An hour and a quarter later, the red Jaguar took him home. At eight, precisely, he sat opposite his mother in the shadowy dining room of the Sloan mansion, gustily spooning soup.

“Have a good day, son?”

“Passable.”

“Any plans for the evening?”

“Thought I’d pick up Lenore Bailey “

That suited Mrs. Sloan for an opening. Her eyes fastened briefly on her hungry son and moved thoughtfully into the distances of the formal room where the gold rims of place plates gleamed from china racks, and cabinets of cut glass sparkled dully.

“You’ve seen a lot of the Bailey girl, lately.”

“Yeah.”

“Does that mean anything, Kit?”

He smiled at his mother. “Ask Lenore.”

She passed that up with a gesture that was partly disdainful and partly indulgent. She thought, with pride, that the Sloan men had always possessed a way with women. She was able to feel pride, not rancor, now that her husband was occupying a plot in Shadyknoll, with a thirty-foot obelisk to mark the grave of a great industrialist, banker and rakehell. Her son’s

“conquests,” as she thought them (though he rarely found himself obliged to use aggression), did not in her opinion belong in the same category as her late husband’s “vices.” There was the mitigating fact that Kittridge was an “irresistible young man”; her spouse had been an “old fool”; there was a further alleviating circumstance in the fact that morals, amongst smart young people, had changed.
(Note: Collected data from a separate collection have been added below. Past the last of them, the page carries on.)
(* Let $K=1$ and fix a reflection matrix $\mathbf\Phi$ such that (SDR1.2) has an optimal solution. Then problem (P1.1) has an optimal solution $(\mathbf w_1,\mathbf R_0)$ whose dedicated sensing covariance lies in the null space of the user channel, i.e. $\mathbf h_1^H\mathbf R_0\mathbf h_1=0$.
   Context: Let $M,N\ge1$ be integers and $K=1$. Fixed data: $\mathbf G\in\mathbb C^{N\times M}$, $\mathbf h_{\mathrm d,1}\in\mathbb C^{M}$, $\mathbf h_{\mathrm r,1}\in\mathbb C^{N}$, threshold $\Gamma_1>0$, noise power $\sigma_1^2>0$, power budget $P_0>0$. A reflection matrix is $\mathbf\Phi=\mathrm{diag}(\mathbf v)$ with $\mathbf v\in\mathbb C^N$, $|v_n|=1$ for all $n$; put $\mathbf h_1=\mathbf h_{\mathrm d,1}+\mathbf G^H\mathbf\Phi^H\mathbf h_{\mathrm r,1}$ and $\mathbf H_1=\mathbf h_1\mathbf h_1^H$. The Type-I SINR is $\gamma_1^{\mathrm I}=|\mathbf h_1^H\mathbf w_1|^2/(\mathbf h_1^H\mathbf R_0\mathbf h_1+\sigma_1^2)$ for $\mathbf w_1\in\mathbb C^M$ and Hermitian $\mathbf R_0\succeq\mathbf 0$. For Hermitian $\mathbf X\succeq\mathbf 0$ define $f(\mathbf X)=\mathrm{tr}\big((\mathbf G\mathbf X\mathbf G^H)^{-1}\big)$ if $\mathbf G\mathbf X\mathbf G^H$ is invertible and $+\infty$ otherwise. Problem (P1.1): minimize $f(\mathbf w_1\mathbf w_1^H+\mathbf R_0)$ over $\mathbf w_1,\mathbf R_0\succeq\mathbf 0$ subject to $\gamma_1^{\mathrm I}\ge\Gamma_1$ and $\|\mathbf w_1\|^2+\mathrm{tr}(\mathbf R_0)\le P_0$. Problem (SDR1.2): minimize $f(\mathbf W_1+\mathbf R_0)$ over Hermitian $\mathbf W_1\succeq\mathbf 0,\mathbf R_0\succeq\mathbf 0$ subject to $(1+\tfrac1{\Gamma_1})\mathrm{tr}(\mathbf H_1\mathbf W_1)-\mathrm{tr}(\mathbf H_1(\mathbf W_1+\mathbf R_0))\ge\sigma_1^2$ and $\mathrm{tr}(\mathbf W_1)+\mathrm{tr}(\mathbf R_0)\le P_0$. *)

theory Defs
  imports "HOL-Analysis.Analysis"
begin

text \<open>Complex vectors/matrices as Cartesian-product types.  A matrix
  of type complex^'c^'r has rows indexed by 'r and columns by 'c.
  M antennas correspond to the index type 'm, N RIS elements to 'n.\<close>

definition cadj :: "complex^'c^'r \<Rightarrow> complex^'r^'c" where
  "cadj A = (\<chi> i j. cnj (A $ j $ i))"

definition cvinner :: "complex^'n \<Rightarrow> complex^'n \<Rightarrow> complex" where
  "cvinner x y = (\<Sum>i\<in>UNIV. cnj (x $ i) * y $ i)"

definition outer :: "complex^'n \<Rightarrow> complex^'n^'n" where
  "outer w = (\<chi> i j. w $ i * cnj (w $ j))"

definition hermitian :: "complex^'n^'n \<Rightarrow> bool" where
  "hermitian X \<longleftrightarrow> cadj X = X"

definition psd :: "complex^'n^'n \<Rightarrow> bool" where
  "psd X \<longleftrightarrow> hermitian X \<and> (\<forall>x. 0 \<le> Re (cvinner x (X *v x)))"

definition cvnorm2 :: "complex^'n \<Rightarrow> real" where
  "cvnorm2 w = (\<Sum>i\<in>UNIV. (cmod (w $ i))\<^sup>2)"

definition reflection :: "complex^'n \<Rightarrow> complex^'n^'n" where
  "reflection v = (\<chi> i j. if i = j then v $ i else 0)"

definition eff_channel ::
  "complex^'m^'n \<Rightarrow> complex^'m \<Rightarrow> complex^'n \<Rightarrow> complex^'n \<Rightarrow> complex^'m" where
  "eff_channel G hd1 hr1 v = hd1 + cadj G *v (cadj (reflection v) *v hr1)"

definition fobj :: "complex^'m^'n \<Rightarrow> complex^'m^'m \<Rightarrow> ereal" where
  "fobj G X = (if invertible (G ** X ** cadj G)
               then ereal (Re (trace (matrix_inv (G ** X ** cadj G)))) else \<infinity>)"

definition P11_feasible ::
  "complex^'m \<Rightarrow> real \<Rightarrow> real \<Rightarrow> real \<Rightarrow> complex^'m \<Rightarrow> complex^'m^'m \<Rightarrow> bool" where
  "P11_feasible h \<Gamma> \<sigma>2 P0 w R0 \<longleftrightarrow>
     psd R0 \<and>
     (cmod (cvinner h w))\<^sup>2 / (Re (cvinner h (R0 *v h)) + \<sigma>2) \<ge> \<Gamma> \<and>
     cvnorm2 w + Re (trace R0) \<le> P0"

definition SDR12_feasible ::
  "complex^'m \<Rightarrow> real \<Rightarrow> real \<Rightarrow> real \<Rightarrow> complex^'m^'m \<Rightarrow> complex^'m^'m \<Rightarrow> bool" where
  "SDR12_feasible h \<Gamma> \<sigma>2 P0 W1 R0 \<longleftrightarrow>
     psd W1 \<and> psd R0 \<and>
     (1 + 1 / \<Gamma>) * Re (trace (outer h ** W1)) - Re (trace (outer h ** (W1 + R0))) \<ge> \<sigma>2 \<and>
     Re (trace W1) + Re (trace R0) \<le> P0"

end

theory Submission
  imports Defs
begin

text \<open>The semidefinite relaxation is tight.  A feasible point \<open>(w, R\<^sub>0)\<close> of (P1.1) gives the
  feasible point \<open>(w w\<^sup>H, R\<^sub>0)\<close> of (SDR1.2) with the same objective, since \<open>f\<close> only sees
  \<open>W\<^sub>1 + R\<^sub>0\<close>.  Conversely, for an optimal \<open>(W\<^sub>1, R\<^sub>0)\<close> of (SDR1.2) put \<open>X = W\<^sub>1 + R\<^sub>0\<close>,
  \<open>a = h\<^sup>H X h\<close> and \<open>w = X h / \<surd>a\<close>.  Then \<open>X - w w\<^sup>H\<close> is positive semidefinite (Cauchy-Schwarz
  for the semi-inner product given by \<open>X\<close>), it annihilates the quadratic form at \<open>h\<close>, and
  \<open>|h\<^sup>H w|\<^sup>2 = a \<ge> \<Gamma> \<sigma>\<^sup>2\<close> by the relaxed SINR constraint; as \<open>X\<close> and the trace are unchanged,
  \<open>(w, X - w w\<^sup>H)\<close> is feasible and optimal for (P1.1).\<close>

lemma cvinner_commute: "cvinner x y = cnj (cvinner y x)"
  by (simp add: cvinner_def mult.commute)

lemma cvinner_add_right: "cvinner x (y + z) = cvinner x y + cvinner x z"
  by (simp add: cvinner_def sum.distrib algebra_simps)

lemma cvinner_diff_right: "cvinner x (y - z) = cvinner x y - cvinner x z"
  by (simp add: cvinner_def sum_subtractf algebra_simps)

lemma cvinner_diff_left: "cvinner (x - y) z = cvinner x z - cvinner y z"
  by (simp add: cvinner_def sum_subtractf algebra_simps)

lemma cvinner_scale_right: "cvinner x (c *s y) = c * cvinner x y"
  by (simp add: cvinner_def sum_distrib_left algebra_simps)

lemma cvinner_scale_left: "cvinner (c *s x) y = cnj c * cvinner x y"
  by (simp add: cvinner_def sum_distrib_left algebra_simps)

lemma cvinner_self_mult: "cvinner x y * cvinner y x = complex_of_real ((cmod (cvinner x y))\<^sup>2)"
  by (metis cvinner_commute complex_norm_square)

lemma outer_mult_vector: "outer w *v y = cvinner w y *s w"
  by (simp add: outer_def cvinner_def matrix_vector_mult_def vector_scalar_mult_def
      vec_eq_iff sum_distrib_left mult_ac)

lemma cvinner_outer: "cvinner x (outer w *v y) = cvinner x w * cvinner w y"
  by (simp add: outer_mult_vector cvinner_scale_right mult.commute)

lemma trace_outer_mult: "trace (outer h ** A) = cvinner h (A *v h)"
proof -
  have "trace (outer h ** A) = (\<Sum>i\<in>UNIV. \<Sum>k\<in>UNIV. cnj (h$k) * (A$k$i * h$i))"
    by (simp add: trace_def matrix_matrix_mult_def outer_def mult_ac)
  also have "\<dots> = (\<Sum>k\<in>UNIV. \<Sum>i\<in>UNIV. cnj (h$k) * (A$k$i * h$i))"
    by (rule sum.swap)
  finally show ?thesis
    by (simp add: cvinner_def matrix_vector_mult_def sum_distrib_left)
qed

lemma Re_trace_outer: "Re (trace (outer w)) = cvnorm2 w"
  by (simp add: trace_def outer_def cvnorm2_def complex_mult_cnj cmod_def)

lemma hermitian_cvinner_swap:
  assumes "hermitian A"
  shows "cvinner y (A *v x) = cnj (cvinner x (A *v y))"
proof -
  have A: "cnj (A$i$j) = A$j$i" for i j
    using assms unfolding hermitian_def cadj_def by (metis vec_lambda_beta)
  have "cnj (cvinner x (A *v y)) = (\<Sum>i\<in>UNIV. \<Sum>j\<in>UNIV. x$i * (cnj (A$i$j) * cnj (y$j)))"
    by (simp add: cvinner_def matrix_vector_mult_def sum_distrib_left)
  also have "\<dots> = (\<Sum>j\<in>UNIV. \<Sum>i\<in>UNIV. x$i * (A$j$i * cnj (y$j)))"
    unfolding A by (rule sum.swap)
  also have "\<dots> = cvinner y (A *v x)"
    by (simp add: cvinner_def matrix_vector_mult_def sum_distrib_left mult_ac)
  finally show ?thesis by simp
qed

lemma hermitian_quadratic_form_real:
  assumes "hermitian A"
  shows "cvinner x (A *v x) = complex_of_real (Re (cvinner x (A *v x)))"
  using hermitian_cvinner_swap[OF assms, of x x] by (simp add: complex_eq_iff)

lemma hermitian_outer: "hermitian (outer w)"
  by (simp add: hermitian_def cadj_def outer_def vec_eq_iff mult.commute)

lemma hermitian_add: "hermitian A \<Longrightarrow> hermitian B \<Longrightarrow> hermitian (A + B)"
  by (simp add: hermitian_def cadj_def vec_eq_iff)

lemma hermitian_diff: "hermitian A \<Longrightarrow> hermitian B \<Longrightarrow> hermitian (A - B)"
  by (simp add: hermitian_def cadj_def vec_eq_iff)

lemma psd_outer: "psd (outer w)"
  by (simp add: psd_def hermitian_outer cvinner_outer cvinner_self_mult)

lemma psd_add: "psd A \<Longrightarrow> psd B \<Longrightarrow> psd (A + B)"
  by (simp add: psd_def hermitian_add matrix_vector_mult_add_rdistrib cvinner_add_right)

lemma hermitian_quadratic_form_shift:
  fixes x :: "complex^'n"
  assumes "hermitian X" and "cvinner h (X *v h) = complex_of_real a" and "a \<noteq> 0"
  defines "p \<equiv> cvinner h (X *v x)"
  shows "cvinner (x - (p / a) *s h) (X *v (x - (p / a) *s h))
           = cvinner x (X *v x) - p * cnj p / a"
proof -
  have "cvinner x (X *v h) = cnj p"
    unfolding p_def by (rule hermitian_cvinner_swap[OF assms(1)])
  then show ?thesis
    using assms(2,3)
    by (simp add: p_def matrix_vector_mult_diff_distrib vector_scalar_commute cvinner_diff_left
        cvinner_diff_right cvinner_scale_left cvinner_scale_right field_simps)
qed

lemma deflation_cvinner:
  assumes "cvinner h (X *v h) = complex_of_real a" and "a > 0"
  shows "cvinner h (complex_of_real (1 / sqrt a) *s (X *v h)) = complex_of_real (sqrt a)"
  using assms by (simp add: cvinner_scale_right real_div_sqrt flip: of_real_mult of_real_divide)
In sum, there was (though she did not admit it) the fact that her husband’s perennial blonde had driven Minerva half mad with jealous fury, while she found herself taking in her son’s amours an almost masculine and quasi-participatory interest.

“You in love with Lenore?”

“Hell, Muzz. I love ’em all—if they’re pretty. If they’re as pretty as she, I love double.”

“She’s an interesting girl.”

“How do you know?” he inquired with ample suspicion, and he said in the same breath,

“This is good soup.”

“You better not have any more. There’s roast beef—Yorkshire pudding—I knew you’d be famished.”